El muchacho, sin embargo y a pesar de haberse mostrado encantador, no podía evitar demostrar un grado de madurez que iba perfectamente acorde con su corta edad: había decidido posponer por un par de años la universidad y, durante ese período, se entretenía dibujando sus propios comics, ya que tenía alter ego de súper héroe y, para rematar la imagen, tenía un skate que de vez en cuando usaba para patinar. Si bien estas cualidades eran perfectamente aceptables y no había nada inherentemente malo en ellas, yo no podía hacer la vista gorda al obvio problema que saltaba a la vista: Emma y este nuevo muchacho no tenían nada en común el uno con el otro, así que no veía forma lógica alguna de que esa relación pudiese tener una larga duración ni mucho menos un destino final cuasi formal.

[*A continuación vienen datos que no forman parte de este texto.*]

inductive nbr_step ::
  "'n set \<Rightarrow> nat \<Rightarrow> nat \<Rightarrow> ('t, 'n) nbr_state \<Rightarrow> ('t, 'n) act \<Rightarrow> ('t, 'n) nbr_state \<Rightarrow> bool"
  for Ent :: "'n set" and r :: nat and thr :: nat
where
  nbr_begin: "\<lbrakk>recl s t = None; mode s t \<in> {Idle, Wr}\<rbrakk> \<Longrightarrow>
     nbr_step Ent r thr s (ABegin t) (s\<lparr>mode := (mode s)(t := Chk)\<rparr>)"
| clear: "\<lbrakk>recl s t = None; mode s t = Chk\<rbrakk> \<Longrightarrow>
     nbr_step Ent r thr s (AClear t)
       (s\<lparr>mode := (mode s)(t := Clr), resv := (resv s)(t := {})\<rparr>)"
| start_read: "\<lbrakk>recl s t = None; mode s t = Clr\<rbrakk> \<Longrightarrow>
     nbr_step Ent r thr s (AStartRead t)
       (s\<lparr>mode := (mode s)(t := Rd), rst := (rst s)(t := True),
          refs := (refs s)(t := {}), snap := (snap s)(t := unl s)\<rparr>)"
| read: "\<lbrakk>recl s t = None; mode s t = Rd; m \<in> Ent \<union> refs s t; n \<notin> snap s t\<rbrakk> \<Longrightarrow>
     nbr_step Ent r thr s (ARead t m n) (s\<lparr>refs := (refs s)(t := insert n (refs s t))\<rparr>)"
| reserve: "\<lbrakk>recl s t = None; mode s t = Rd; n \<in> Ent \<union> refs s t; card (resv s t) < r\<rbrakk> \<Longrightarrow>
     nbr_step Ent r thr s (AReserve t n) (s\<lparr>resv := (resv s)(t := insert n (resv s t))\<rparr>)"
| enter_write: "\<lbrakk>recl s t = None; mode s t = Rd\<rbrakk> \<Longrightarrow>
     nbr_step Ent r thr s (AEnterWrite t)
       (s\<lparr>mode := (mode s)(t := Wr), rst := (rst s)(t := False), refs := (refs s)(t := {})\<rparr>)"
| nbr_write: "\<lbrakk>recl s t = None; mode s t = Wr; n \<in> resv s t\<rbrakk> \<Longrightarrow>
     nbr_step Ent r thr s (AWrite t n) s"
| unlink: "\<lbrakk>recl s t = None; mode s t = Wr; n \<notin> Ent; n \<notin> unl s\<rbrakk> \<Longrightarrow>
     nbr_step Ent r thr s (AUnlink t n) (s\<lparr>unl := insert n (unl s)\<rparr>)"
| retire: "\<lbrakk>recl s t = None; mode s t = Wr; n \<in> unl s; n \<notin> ret s\<rbrakk> \<Longrightarrow>
     nbr_step Ent r thr s (ARetire t n)
       (s\<lparr>bag := (bag s)(t := insert n (bag s t)), ret := insert n (ret s),
          recl := (recl s)(t := (if card (insert n (bag s t)) > thr then Some (Sig UNIV) else None))\<rparr>)"
| nbr_finish: "\<lbrakk>recl s t = None; mode s t = Wr\<rbrakk> \<Longrightarrow>
     nbr_step Ent r thr s (AEnd t) (s\<lparr>mode := (mode s)(t := Idle)\<rparr>)"
| signal: "\<lbrakk>recl s t = Some (Sig S); u \<in> S\<rbrakk> \<Longrightarrow>
     nbr_step Ent r thr s (ASignal t u)
       (let s' = handler u s in
          s'\<lparr>recl := (recl s')(t := Some (if S - {u} = {} then Scan UNIV {} else Sig (S - {u})))\<rparr>)"
| scan: "\<lbrakk>recl s t = Some (Scan S R); u \<in> S\<rbrakk> \<Longrightarrow>
     nbr_step Ent r thr s (AScan t u)
       (s\<lparr>recl := (recl s)(t := Some (Scan (S - {u}) (R \<union> resv s u)))\<rparr>)"
| nbr_free: "recl s t = Some (Scan {} R) \<Longrightarrow>
     nbr_step Ent r thr s (AFree t)
       (s\<lparr>freed := freed s \<union> (bag s t - R), bag := (bag s)(t := bag s t \<inter> R),
          recl := (recl s)(t := None)\<rparr>)"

– Sigo intrigada, ¿cómo así accediste a salir con alguien de esa edad? – Le insistí yo.

– No sé qué me pasó, pero de repente me sentí tentada a quedar con este “Superboy”. Incluso yo, con lo heroína que soy, fui incapaz de resistirme – fue la conclusión.

Así que nuevamente en Bacchalania, el miercoles pasado, Máxima, acostumbrada a hombres ligeramente más experimentados (vamos, uno de sus más recientes salientes, el sexagenario Giovanni, le doblaba la edad) saltó inmediatamente a decir:

– ¿No te parece demasiado joven?

– ¡No es tan joven!

– ¡Tiene 25 años! Su generación tiene una letra totalmente diferente a la nuestra.

– ¿A quién le importa? – nos dijo Emma – La edad es una ilusión.

No podía evitar preguntarme los motivos detrás de esta atracción ¿Será que realmente considera la edad como una ilusión? ¿O es acaso la respuesta de Emma frente a un inminente periodo de transformación? Un par de años atrás, con un sinsabor, recibimos su cumpleaños número 30, sin darnos siquiera cuenta de la rapidez con la que la adultez y todas las responsabilidades que esta implica habían tocado su puerta. Después de todo, en la sociedad actual, cargada más que nunca de una preocupante obsesión por la juventud eterna y por expectativas francamente imposibles de lograr, me queda la duda de si las mujeres de mi generación estamos verdaderamente logrando convertirnos en adultos maduros y responsables o si, por el contrario, nos encontramos frente a un marcado punto de inflexión, en el cual intentamos revivir ciertos episodios de nuestra adolescencia para intentar compensar por los objetivos imposibles que nosotras mismas nos hemos trazado. ¿Será que Emma estaba frente a una gran crisis causada por la ciega negación?

Por lo que veo, Emma sigue decidida a tener en su bitácora un affaire lleno de diversión.

-Total- decía esa noche mi amiga – ¿Cuál es el pecado en tratar de recordar una época más simple, pasar el rato, y si es posible, revivir aquellas anécdotas de cuando recién teníamos veinte años?